Exercise requirements
Find all lines with the word "good" in the material, then copy them.

Data extract
....
(* There exists an instance with two agents $N=\{1,2\}$ and a finite item set $A$ with no externalities (i.e., $V_i(j,a)=0$ for all $a\in A$ and $i\ne j$) together with a complete allocation that is envy-free but does not satisfy PROP-Max.
   Context: Setting: agents $N=\{1,\dots,n\}$, finite item set $A$; a complete allocation $\pi$ partitions $A$ into bundles $\pi_1,\dots,\pi_n$; $\pi(a)$ is the agent receiving $a$; $V_i(j,a)\in\mathbb{R}$ is agent $i$'s value when item $a$ goes to agent $j$; $V_i(\pi)=\sum_{a\in A}V_i(\pi(a),a)$. $\pi^{i\leftrightarrow j}$ is $\pi$ with bundles of $i$ and $j$ swapped. $\pi$ is envy-free (EF) if there are no agents $i,j$ with $V_i(\pi^{i\leftrightarrow j})>V_i(\pi)$. With $V_i^{max}(a)=\max_{j\in N}V_i(j,a)$, $\pi$ satisfies PROP-Max if $V_i(\pi)\ge\frac1n\sum_{a\in A}V_i^{max}(a)$ for all $i\in N$. *)

theory Defs
  imports Complex_Main
begin

text \<open>An allocation is a map \<sigma> from items to agents
(\<sigma> a is the agent receiving a). V i j a is agent i's value when item a goes to agent j.\<close>

definition complete_alloc :: "nat set \<Rightarrow> nat set \<Rightarrow> (nat \<Rightarrow> nat) \<Rightarrow> bool" where
  "complete_alloc N A \<sigma> \<longleftrightarrow> (\<forall>a\<in>A. \<sigma> a \<in> N)"

definition alloc_value :: "nat set \<Rightarrow> (nat \<Rightarrow> nat \<Rightarrow> nat \<Rightarrow> real) \<Rightarrow> nat \<Rightarrow> (nat \<Rightarrow> nat) \<Rightarrow> real" where
  "alloc_value A V i \<sigma> = (\<Sum>a\<in>A. V i (\<sigma> a) a)"

definition swap_bundles :: "(nat \<Rightarrow> nat) \<Rightarrow> nat \<Rightarrow> nat \<Rightarrow> (nat \<Rightarrow> nat)" where
  "swap_bundles \<sigma> i j = (\<lambda>a. if \<sigma> a = i then j else if \<sigma> a = j then i else \<sigma> a)"

definition envy_free :: "nat set \<Rightarrow> nat set \<Rightarrow> (nat \<Rightarrow> nat \<Rightarrow> nat \<Rightarrow> real) \<Rightarrow> (nat \<Rightarrow> nat) \<Rightarrow> bool" where
  "envy_free N A V \<sigma> \<longleftrightarrow>
     \<not> (\<exists>i\<in>N. \<exists>j\<in>N. alloc_value A V i (swap_bundles \<sigma> i j) > alloc_value A V i \<sigma>)"

definition Vmax :: "nat set \<Rightarrow> (nat \<Rightarrow> nat \<Rightarrow> nat \<Rightarrow> real) \<Rightarrow> nat \<Rightarrow> nat \<Rightarrow> real" where
  "Vmax N V i a = Max ((\<lambda>j. V i j a) ` N)"

definition prop_max :: "nat set \<Rightarrow> nat set \<Rightarrow> (nat \<Rightarrow> nat \<Rightarrow> nat \<Rightarrow> real) \<Rightarrow> (nat \<Rightarrow> nat) \<Rightarrow> bool" where
  "prop_max N A V \<sigma> \<longleftrightarrow>
     (\<forall>i\<in>N. alloc_value A V i \<sigma> \<ge> (1 / real (card N)) * (\<Sum>a\<in>A. Vmax N V i a))"

end

theory Submission
  imports Defs
begin

text \<open>With chores, envy-freeness no longer implies PROP-Max. Agent 1 receives a good
worth 1; agent 2 receives a good worth 2 to agent 1 together with a chore worth -2 to
agent 1, and agent 2 values nothing. Agent 1 values the other bundle at 0, so no one is
envious. PROP-Max, however, credits every item with its best placement, so the chore
counts 0 and agent 1's share is (1 + 2 + 0) / 2 = 3/2 > 1.\<close>

definition example_items :: "nat set" where
  "example_items = {0, 1, 2}"

definition example_valuation :: "nat \<Rightarrow> nat \<Rightarrow> nat \<Rightarrow> real" where
  "example_valuation i j a =
     (if i = 1 \<and> j = 1 then (if a = 0 then 1 else if a = 1 then 2 else -2) else 0)"

definition example_alloc :: "nat \<Rightarrow> nat" where
  "example_alloc a = (if a = 0 then 1 else 2)"

lemmas example_defs = example_items_def example_valuation_def example_alloc_def

lemma example_no_externalities:
  "\<forall>i\<in>{1,2}. \<forall>j\<in>{1,2}. \<forall>a\<in>example_items. i \<noteq> j \<longrightarrow> example_valuation i j a = 0"
  by (simp add: example_valuation_def)

lemma example_complete_alloc: "complete_alloc {1,2} example_items example_alloc"
  by (simp add: complete_alloc_def example_defs)

lemma example_envy_free: "envy_free {1,2} example_items example_valuation example_alloc"
  by (simp add: envy_free_def alloc_value_def swap_bundles_def example_defs)

lemma example_alloc_value_agent1:
  "alloc_value example_items example_valuation 1 example_alloc = 1"
  by (simp add: alloc_value_def example_defs)

lemma example_Vmax_sum_agent1:
  "(\<Sum>a\<in>example_items. Vmax {1,2} example_valuation 1 a) = 3"
  by (simp add: Vmax_def example_defs)

lemma example_not_prop_max: "\<not> prop_max {1,2} example_items example_valuation example_alloc"
  unfolding prop_max_def
  using example_alloc_value_agent1 example_Vmax_sum_agent1 by auto

theorem proposition1:
  shows "\<exists>(A::nat set) (V::nat \<Rightarrow> nat \<Rightarrow> nat \<Rightarrow> real) (\<sigma>::nat \<Rightarrow> nat).
           finite A \<and>
           (\<forall>i\<in>{1,2}. \<forall>j\<in>{1,2}. \<forall>a\<in>A. i \<noteq> j \<longrightarrow> V i j a = 0) \<and>
           complete_alloc {1,2} A \<sigma> \<and>
           envy_free {1,2} A V \<sigma> \<and>
           \<not> prop_max {1,2} A V \<sigma>"
proof (intro exI conjI)
  show "finite example_items" by (simp add: example_items_def)
qed (fact example_no_externalities example_complete_alloc example_envy_free
       example_not_prop_max)+

end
....
Response box
text \<open>With chores, envy-freeness no longer implies PROP-Max. Agent 1 receives a good
worth 1; agent 2 receives a good worth 2 to agent 1 together with a chore worth -2 to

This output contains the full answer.